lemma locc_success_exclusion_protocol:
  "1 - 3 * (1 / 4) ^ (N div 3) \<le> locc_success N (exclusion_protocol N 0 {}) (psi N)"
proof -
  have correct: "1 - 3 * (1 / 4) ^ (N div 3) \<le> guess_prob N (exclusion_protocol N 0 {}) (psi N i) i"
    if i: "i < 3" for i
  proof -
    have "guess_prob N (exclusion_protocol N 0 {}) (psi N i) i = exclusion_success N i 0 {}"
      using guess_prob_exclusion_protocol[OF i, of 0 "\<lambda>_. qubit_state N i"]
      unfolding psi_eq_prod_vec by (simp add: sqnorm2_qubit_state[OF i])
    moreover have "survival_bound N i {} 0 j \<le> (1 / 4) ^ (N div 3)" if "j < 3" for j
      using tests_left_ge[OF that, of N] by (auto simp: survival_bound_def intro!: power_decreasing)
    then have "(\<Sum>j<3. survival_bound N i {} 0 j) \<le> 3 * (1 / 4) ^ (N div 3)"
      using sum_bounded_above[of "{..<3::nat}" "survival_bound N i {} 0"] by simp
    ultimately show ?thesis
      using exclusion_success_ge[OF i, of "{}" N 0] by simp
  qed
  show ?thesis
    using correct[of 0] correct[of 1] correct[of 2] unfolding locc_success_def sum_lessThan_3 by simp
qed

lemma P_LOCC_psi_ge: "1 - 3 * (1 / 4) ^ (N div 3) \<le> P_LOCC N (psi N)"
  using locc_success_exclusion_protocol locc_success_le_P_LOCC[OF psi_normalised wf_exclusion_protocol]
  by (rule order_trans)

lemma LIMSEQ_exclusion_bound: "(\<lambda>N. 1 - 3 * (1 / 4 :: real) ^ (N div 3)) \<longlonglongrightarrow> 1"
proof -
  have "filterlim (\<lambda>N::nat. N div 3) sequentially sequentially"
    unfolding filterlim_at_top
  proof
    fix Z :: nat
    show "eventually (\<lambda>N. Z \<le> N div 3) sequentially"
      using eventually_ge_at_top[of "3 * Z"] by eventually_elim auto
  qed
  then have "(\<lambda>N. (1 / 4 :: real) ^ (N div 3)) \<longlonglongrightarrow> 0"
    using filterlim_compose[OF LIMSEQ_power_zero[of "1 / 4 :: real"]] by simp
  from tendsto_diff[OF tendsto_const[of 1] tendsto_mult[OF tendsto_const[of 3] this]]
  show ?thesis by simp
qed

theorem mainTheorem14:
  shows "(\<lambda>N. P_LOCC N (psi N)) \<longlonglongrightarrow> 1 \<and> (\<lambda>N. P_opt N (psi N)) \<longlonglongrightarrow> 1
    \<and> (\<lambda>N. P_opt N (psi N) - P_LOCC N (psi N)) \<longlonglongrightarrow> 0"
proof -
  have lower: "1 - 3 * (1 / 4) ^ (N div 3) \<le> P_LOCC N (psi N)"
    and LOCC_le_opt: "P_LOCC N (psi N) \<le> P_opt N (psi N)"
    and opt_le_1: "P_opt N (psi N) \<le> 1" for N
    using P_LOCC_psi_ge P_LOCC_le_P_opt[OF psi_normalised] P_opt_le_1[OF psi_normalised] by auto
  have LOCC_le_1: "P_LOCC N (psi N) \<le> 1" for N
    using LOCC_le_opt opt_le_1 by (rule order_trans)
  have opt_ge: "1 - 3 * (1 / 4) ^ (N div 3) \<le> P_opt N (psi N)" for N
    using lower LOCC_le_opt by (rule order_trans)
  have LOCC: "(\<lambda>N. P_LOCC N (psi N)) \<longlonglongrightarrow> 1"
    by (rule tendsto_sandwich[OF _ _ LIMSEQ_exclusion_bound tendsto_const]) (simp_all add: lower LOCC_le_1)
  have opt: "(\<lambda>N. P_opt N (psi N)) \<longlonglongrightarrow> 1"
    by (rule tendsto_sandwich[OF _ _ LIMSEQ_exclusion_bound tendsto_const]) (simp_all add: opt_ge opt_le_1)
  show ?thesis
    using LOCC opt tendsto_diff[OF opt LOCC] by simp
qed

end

-*-*-

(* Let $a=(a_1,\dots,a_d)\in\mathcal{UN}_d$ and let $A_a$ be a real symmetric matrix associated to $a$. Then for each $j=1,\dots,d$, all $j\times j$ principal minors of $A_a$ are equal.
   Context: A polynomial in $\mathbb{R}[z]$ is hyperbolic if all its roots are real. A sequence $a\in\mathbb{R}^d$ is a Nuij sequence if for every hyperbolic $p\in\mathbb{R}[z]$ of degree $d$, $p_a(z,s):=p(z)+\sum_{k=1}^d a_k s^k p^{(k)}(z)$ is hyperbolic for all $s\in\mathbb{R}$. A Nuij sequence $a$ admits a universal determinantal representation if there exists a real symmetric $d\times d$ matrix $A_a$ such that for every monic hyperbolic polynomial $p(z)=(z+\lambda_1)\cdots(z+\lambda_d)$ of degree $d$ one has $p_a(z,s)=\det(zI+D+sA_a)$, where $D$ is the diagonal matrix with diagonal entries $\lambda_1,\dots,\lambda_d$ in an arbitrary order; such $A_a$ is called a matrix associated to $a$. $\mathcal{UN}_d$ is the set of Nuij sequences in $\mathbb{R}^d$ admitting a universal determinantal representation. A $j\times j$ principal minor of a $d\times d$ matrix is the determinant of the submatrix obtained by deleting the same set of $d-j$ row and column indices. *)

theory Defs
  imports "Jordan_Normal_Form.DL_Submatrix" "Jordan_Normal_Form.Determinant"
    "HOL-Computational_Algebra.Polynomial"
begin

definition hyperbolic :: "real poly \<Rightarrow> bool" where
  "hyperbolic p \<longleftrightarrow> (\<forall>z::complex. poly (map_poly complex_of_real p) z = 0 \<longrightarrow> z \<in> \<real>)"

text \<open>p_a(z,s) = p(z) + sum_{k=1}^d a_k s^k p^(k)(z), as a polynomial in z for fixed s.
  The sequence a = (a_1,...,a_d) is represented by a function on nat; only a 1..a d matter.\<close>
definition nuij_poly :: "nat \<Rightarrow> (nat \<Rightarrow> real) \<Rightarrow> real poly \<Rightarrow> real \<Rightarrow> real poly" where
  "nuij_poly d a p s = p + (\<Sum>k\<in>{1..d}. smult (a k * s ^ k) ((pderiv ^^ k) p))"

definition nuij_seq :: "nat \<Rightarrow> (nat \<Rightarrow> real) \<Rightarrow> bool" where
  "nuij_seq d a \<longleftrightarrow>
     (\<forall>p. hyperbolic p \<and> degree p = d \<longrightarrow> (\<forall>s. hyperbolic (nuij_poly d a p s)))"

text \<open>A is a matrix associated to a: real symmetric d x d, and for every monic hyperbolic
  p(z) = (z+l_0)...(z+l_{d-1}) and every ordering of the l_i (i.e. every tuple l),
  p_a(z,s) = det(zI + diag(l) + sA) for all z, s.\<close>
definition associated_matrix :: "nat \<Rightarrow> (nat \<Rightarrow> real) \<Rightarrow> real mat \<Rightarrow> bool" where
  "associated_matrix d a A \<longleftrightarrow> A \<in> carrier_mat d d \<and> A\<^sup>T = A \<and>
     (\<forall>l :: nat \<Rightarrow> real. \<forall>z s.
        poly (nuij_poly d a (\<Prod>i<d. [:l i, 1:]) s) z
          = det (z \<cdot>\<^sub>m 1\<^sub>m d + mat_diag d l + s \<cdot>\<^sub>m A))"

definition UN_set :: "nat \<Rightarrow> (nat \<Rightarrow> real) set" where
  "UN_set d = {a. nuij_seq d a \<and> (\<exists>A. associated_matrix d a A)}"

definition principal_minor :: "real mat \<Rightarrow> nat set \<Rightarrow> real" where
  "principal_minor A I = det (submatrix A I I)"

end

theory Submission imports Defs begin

-*-*-

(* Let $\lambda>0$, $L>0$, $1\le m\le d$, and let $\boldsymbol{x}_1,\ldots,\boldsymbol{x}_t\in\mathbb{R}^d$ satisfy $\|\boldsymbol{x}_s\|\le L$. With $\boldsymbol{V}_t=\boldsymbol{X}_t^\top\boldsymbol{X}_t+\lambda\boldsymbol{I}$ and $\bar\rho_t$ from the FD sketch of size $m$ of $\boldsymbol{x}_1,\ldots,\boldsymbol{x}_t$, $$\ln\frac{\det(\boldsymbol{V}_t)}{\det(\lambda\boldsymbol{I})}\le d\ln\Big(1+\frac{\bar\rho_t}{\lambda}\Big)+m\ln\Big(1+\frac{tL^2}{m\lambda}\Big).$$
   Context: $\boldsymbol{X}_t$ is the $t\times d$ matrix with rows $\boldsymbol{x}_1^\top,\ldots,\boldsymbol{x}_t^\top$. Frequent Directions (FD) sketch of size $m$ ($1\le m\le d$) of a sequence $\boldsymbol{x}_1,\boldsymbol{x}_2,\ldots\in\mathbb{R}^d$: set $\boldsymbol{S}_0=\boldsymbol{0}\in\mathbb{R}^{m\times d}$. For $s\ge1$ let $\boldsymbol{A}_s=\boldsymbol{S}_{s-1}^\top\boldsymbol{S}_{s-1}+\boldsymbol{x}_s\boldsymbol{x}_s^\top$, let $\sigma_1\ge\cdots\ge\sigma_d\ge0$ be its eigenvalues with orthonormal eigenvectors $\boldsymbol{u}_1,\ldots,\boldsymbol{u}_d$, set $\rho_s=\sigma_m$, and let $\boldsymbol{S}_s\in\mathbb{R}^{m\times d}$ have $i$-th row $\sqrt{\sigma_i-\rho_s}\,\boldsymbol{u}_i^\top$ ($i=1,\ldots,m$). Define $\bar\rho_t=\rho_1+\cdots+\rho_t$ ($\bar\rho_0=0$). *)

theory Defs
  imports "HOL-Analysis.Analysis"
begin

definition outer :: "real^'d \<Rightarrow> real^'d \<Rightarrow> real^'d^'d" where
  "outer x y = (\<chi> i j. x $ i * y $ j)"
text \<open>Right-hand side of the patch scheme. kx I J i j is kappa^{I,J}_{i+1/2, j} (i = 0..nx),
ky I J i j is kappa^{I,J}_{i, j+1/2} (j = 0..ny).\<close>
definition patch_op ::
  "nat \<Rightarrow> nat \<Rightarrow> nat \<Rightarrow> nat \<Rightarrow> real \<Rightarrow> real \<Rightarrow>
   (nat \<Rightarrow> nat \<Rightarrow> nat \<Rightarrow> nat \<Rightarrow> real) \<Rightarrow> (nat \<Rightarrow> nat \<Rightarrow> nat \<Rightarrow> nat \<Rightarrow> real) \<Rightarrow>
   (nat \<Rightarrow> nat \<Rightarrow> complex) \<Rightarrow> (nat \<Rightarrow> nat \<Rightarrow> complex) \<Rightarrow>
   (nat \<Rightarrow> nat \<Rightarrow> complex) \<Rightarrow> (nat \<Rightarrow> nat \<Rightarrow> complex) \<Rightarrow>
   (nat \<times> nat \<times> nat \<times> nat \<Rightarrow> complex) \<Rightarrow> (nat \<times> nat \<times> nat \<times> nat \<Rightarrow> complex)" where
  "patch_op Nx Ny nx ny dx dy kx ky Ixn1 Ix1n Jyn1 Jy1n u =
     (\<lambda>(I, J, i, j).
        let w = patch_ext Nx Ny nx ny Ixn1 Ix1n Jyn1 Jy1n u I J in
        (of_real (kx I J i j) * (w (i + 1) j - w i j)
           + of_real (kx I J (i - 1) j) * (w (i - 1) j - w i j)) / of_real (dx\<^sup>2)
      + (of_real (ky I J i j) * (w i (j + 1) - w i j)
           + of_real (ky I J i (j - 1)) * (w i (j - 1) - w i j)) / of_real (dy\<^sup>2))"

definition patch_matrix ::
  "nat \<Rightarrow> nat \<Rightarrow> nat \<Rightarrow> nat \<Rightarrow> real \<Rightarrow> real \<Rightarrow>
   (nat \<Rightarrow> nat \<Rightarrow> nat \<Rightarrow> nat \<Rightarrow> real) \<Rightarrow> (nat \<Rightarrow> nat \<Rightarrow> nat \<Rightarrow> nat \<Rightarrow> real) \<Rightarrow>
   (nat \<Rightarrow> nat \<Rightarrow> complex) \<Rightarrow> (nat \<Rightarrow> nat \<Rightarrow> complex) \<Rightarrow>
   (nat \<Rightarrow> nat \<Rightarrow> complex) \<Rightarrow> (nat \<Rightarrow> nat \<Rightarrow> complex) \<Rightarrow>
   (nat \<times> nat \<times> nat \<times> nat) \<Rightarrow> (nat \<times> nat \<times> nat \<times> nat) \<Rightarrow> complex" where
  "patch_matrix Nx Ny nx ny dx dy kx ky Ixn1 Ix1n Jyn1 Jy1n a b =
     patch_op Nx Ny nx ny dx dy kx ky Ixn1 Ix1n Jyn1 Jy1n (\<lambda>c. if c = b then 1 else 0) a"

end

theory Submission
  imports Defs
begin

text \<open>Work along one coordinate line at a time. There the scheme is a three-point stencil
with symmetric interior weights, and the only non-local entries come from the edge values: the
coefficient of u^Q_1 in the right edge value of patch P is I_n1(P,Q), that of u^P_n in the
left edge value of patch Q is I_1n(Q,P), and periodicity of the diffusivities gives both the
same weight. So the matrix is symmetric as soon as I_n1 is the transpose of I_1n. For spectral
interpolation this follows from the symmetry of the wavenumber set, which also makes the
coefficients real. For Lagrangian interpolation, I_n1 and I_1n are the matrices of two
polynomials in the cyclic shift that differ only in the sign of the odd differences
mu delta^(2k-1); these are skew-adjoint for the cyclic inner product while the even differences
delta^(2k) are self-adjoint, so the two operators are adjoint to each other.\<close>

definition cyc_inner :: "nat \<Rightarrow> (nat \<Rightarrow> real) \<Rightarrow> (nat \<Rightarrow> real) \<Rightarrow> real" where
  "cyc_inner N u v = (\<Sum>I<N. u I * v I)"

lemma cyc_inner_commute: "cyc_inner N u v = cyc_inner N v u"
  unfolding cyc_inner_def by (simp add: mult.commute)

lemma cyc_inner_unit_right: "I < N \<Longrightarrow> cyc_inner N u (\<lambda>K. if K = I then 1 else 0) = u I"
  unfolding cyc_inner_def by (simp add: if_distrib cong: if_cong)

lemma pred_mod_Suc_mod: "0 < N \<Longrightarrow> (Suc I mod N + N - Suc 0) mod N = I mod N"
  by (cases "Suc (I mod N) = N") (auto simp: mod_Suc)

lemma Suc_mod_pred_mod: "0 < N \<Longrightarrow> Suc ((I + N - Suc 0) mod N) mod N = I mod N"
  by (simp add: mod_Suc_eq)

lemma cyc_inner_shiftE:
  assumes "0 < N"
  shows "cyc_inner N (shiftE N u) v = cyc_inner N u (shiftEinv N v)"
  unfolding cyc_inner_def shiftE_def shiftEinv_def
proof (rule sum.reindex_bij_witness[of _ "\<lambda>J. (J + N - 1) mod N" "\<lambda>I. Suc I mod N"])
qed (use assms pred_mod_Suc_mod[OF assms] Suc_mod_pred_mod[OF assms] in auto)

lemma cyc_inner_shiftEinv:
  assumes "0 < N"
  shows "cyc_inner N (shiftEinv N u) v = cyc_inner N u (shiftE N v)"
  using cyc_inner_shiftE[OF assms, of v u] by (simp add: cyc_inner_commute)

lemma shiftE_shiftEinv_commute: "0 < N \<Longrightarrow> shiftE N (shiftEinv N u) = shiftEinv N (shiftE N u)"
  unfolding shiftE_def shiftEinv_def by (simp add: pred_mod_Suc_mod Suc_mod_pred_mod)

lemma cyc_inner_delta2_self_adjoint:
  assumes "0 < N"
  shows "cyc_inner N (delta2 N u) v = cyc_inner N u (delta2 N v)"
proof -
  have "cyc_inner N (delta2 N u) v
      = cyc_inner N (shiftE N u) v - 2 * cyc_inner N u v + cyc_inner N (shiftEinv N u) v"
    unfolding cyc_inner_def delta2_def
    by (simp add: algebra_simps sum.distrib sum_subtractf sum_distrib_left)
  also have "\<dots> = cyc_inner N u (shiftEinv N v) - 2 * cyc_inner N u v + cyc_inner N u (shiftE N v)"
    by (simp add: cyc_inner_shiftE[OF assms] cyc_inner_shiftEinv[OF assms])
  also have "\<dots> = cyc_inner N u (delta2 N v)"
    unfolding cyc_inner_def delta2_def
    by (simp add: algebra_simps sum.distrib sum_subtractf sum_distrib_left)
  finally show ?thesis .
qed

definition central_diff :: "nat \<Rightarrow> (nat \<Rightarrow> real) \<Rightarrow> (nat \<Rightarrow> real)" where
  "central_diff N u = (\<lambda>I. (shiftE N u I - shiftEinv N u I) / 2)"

-*-*-

→ **Task requirements**: Gather all lines from the records above in which "close" appears.

→ **Problem solution**:
  The sequence a = (a_1,...,a_d) is represented by a function on nat; only a 1..a d matter.\<close>
  p_a(z,s) = det(zI + diag(l) + sA) for all z, s.\<close>
ky I J i j is kappa^{I,J}_{i, j+1/2} (j = 0..ny).\<close>
delta^(2k) are self-adjoint, so the two operators are adjoint to each other.\<close>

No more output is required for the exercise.